◆ EXERCISE OBJECTIVE: In the listing below, find each line holding "that" and copy it.

══════════════════════════════

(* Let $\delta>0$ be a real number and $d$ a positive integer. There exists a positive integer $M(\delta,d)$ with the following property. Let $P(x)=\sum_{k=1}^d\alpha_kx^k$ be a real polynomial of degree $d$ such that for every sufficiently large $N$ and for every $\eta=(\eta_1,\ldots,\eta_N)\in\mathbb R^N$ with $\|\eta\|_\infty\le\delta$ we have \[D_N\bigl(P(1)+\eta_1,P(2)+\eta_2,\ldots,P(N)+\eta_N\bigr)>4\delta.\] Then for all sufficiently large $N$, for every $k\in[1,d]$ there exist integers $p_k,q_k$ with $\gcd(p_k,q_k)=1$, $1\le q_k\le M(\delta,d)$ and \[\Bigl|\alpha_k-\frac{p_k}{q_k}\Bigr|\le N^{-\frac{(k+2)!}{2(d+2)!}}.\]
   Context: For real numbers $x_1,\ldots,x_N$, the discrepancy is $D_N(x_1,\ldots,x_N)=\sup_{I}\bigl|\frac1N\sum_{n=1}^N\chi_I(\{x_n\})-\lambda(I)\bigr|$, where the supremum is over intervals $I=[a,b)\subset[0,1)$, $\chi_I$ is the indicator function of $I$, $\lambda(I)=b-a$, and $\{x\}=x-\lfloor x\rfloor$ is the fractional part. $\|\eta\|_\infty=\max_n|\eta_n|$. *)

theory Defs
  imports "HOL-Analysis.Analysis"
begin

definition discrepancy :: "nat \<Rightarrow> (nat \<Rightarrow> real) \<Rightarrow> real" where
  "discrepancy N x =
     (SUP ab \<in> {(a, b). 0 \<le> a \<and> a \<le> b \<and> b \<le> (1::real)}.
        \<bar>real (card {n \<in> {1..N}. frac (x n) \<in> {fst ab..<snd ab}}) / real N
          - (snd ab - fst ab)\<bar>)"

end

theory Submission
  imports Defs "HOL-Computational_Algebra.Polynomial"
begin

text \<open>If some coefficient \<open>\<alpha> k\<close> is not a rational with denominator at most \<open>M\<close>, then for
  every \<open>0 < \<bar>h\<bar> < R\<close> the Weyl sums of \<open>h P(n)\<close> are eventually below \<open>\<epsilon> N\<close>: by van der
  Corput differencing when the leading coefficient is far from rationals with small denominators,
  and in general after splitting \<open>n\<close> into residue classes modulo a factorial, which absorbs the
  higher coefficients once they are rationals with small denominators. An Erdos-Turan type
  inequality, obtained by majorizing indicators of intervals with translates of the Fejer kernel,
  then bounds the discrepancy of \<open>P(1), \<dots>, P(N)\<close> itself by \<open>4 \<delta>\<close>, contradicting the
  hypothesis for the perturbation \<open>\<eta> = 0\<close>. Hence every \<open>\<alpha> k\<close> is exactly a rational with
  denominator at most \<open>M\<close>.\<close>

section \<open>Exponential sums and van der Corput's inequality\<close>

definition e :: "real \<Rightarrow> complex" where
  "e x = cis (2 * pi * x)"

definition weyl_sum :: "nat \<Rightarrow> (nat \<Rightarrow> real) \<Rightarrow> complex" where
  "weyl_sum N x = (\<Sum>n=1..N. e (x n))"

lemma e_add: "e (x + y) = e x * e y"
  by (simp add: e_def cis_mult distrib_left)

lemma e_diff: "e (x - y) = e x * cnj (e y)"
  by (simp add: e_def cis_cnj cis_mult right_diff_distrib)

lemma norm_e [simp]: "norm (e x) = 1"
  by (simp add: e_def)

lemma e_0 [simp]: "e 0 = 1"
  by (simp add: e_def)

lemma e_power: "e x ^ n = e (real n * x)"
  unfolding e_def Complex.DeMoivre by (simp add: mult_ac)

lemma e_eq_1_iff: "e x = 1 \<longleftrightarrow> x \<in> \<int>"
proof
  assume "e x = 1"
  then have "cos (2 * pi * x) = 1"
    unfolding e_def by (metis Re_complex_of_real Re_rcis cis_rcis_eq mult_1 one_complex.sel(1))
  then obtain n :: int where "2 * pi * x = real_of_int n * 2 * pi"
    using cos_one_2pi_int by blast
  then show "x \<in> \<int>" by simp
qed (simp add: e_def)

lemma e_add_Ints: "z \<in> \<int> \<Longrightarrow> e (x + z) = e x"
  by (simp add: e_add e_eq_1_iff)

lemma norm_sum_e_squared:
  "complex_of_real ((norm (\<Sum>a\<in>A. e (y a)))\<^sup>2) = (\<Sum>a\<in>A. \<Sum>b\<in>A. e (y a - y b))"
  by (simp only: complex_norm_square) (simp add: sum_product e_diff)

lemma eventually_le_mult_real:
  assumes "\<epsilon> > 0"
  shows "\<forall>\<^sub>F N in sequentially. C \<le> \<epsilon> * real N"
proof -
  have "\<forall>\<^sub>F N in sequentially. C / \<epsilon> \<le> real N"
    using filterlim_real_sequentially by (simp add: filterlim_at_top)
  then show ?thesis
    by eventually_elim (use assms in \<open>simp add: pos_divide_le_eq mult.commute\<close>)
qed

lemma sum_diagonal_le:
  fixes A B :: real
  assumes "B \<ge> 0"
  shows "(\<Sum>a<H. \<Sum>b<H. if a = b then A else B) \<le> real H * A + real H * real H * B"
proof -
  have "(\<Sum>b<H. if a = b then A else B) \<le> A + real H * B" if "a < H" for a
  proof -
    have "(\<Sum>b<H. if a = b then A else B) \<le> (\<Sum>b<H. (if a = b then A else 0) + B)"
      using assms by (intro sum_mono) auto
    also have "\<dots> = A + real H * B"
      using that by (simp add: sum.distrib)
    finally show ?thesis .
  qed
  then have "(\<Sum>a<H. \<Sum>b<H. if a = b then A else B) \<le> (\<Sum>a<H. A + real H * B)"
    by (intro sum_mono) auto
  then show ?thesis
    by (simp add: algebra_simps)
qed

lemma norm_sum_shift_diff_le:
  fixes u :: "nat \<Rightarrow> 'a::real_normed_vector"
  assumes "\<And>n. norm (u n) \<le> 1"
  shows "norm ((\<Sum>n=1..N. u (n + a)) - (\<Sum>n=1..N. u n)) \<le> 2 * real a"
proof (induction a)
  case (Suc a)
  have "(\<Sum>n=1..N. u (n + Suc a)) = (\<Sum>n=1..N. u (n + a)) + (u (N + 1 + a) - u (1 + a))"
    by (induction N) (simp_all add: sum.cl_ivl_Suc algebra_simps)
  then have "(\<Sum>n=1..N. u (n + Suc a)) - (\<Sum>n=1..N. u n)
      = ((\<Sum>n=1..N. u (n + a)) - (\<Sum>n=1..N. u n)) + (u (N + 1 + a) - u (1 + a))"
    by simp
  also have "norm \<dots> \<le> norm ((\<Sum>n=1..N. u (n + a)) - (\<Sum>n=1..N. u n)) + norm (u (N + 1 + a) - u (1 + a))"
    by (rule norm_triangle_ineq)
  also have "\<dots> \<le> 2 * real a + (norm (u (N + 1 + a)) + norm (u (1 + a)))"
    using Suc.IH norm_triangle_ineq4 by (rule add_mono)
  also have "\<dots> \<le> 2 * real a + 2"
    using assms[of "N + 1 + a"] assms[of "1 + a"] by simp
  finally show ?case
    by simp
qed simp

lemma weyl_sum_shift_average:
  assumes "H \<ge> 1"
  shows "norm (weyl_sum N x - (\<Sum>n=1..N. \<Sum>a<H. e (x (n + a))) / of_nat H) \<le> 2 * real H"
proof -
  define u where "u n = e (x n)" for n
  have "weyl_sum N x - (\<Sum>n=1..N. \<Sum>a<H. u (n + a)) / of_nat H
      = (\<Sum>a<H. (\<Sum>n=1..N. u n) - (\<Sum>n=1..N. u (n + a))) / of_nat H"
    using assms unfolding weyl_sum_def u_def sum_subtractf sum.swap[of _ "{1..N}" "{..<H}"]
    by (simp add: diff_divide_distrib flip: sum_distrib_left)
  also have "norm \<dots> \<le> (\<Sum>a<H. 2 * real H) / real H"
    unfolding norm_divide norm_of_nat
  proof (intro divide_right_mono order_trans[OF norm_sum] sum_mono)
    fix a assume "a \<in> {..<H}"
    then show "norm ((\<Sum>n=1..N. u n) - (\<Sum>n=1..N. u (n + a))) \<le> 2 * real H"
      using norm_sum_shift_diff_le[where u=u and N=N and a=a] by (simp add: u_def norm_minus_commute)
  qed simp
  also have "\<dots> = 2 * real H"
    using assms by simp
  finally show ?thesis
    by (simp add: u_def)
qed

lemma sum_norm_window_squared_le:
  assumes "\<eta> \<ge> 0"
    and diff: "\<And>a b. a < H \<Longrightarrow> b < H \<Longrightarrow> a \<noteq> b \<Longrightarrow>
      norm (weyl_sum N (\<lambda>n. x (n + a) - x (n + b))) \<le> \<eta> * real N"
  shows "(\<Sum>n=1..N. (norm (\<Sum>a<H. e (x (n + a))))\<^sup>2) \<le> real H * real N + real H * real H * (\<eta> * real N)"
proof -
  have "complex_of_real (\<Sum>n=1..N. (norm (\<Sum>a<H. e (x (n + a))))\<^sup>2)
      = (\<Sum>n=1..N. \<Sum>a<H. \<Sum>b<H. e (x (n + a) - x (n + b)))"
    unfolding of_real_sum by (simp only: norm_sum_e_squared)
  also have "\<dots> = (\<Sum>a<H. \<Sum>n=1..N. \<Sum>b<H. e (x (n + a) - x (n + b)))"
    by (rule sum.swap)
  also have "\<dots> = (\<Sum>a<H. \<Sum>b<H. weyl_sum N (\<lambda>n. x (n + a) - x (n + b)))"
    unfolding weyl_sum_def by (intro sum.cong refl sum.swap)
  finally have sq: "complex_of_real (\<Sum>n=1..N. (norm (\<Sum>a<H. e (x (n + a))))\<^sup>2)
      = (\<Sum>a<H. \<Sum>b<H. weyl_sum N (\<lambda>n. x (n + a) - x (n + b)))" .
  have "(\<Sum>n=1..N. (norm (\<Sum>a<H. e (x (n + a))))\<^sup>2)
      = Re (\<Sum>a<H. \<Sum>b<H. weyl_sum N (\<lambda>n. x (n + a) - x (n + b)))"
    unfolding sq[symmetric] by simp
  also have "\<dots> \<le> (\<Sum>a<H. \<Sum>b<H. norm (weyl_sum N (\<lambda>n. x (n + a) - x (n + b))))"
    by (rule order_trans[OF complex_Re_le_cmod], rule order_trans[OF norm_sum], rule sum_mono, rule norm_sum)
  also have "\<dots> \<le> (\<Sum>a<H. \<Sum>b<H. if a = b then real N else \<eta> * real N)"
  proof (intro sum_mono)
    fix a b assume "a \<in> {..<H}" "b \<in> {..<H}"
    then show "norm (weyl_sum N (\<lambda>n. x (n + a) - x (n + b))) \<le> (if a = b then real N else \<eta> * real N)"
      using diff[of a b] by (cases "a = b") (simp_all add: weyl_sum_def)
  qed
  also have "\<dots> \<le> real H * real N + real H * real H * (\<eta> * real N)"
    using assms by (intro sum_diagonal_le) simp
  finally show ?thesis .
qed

══════════════════════════════

◆ TASK OUTPUT:
(* Let $\delta>0$ be a real number and $d$ a positive integer. There exists a positive integer $M(\delta,d)$ with the following property. Let $P(x)=\sum_{k=1}^d\alpha_kx^k$ be a real polynomial of degree $d$ such that for every sufficiently large $N$ and for every $\eta=(\eta_1,\ldots,\eta_N)\in\mathbb R^N$ with $\|\eta\|_\infty\le\delta$ we have \[D_N\bigl(P(1)+\eta_1,P(2)+\eta_2,\ldots,P(N)+\eta_N\bigr)>4\delta.\] Then for all sufficiently large $N$, for every $k\in[1,d]$ there exist integers $p_k,q_k$ with $\gcd(p_k,q_k)=1$, $1\le q_k\le M(\delta,d)$ and \[\Bigl|\alpha_k-\frac{p_k}{q_k}\Bigr|\le N^{-\frac{(k+2)!}{2(d+2)!}}.\]
      using that by (simp add: sum.distrib)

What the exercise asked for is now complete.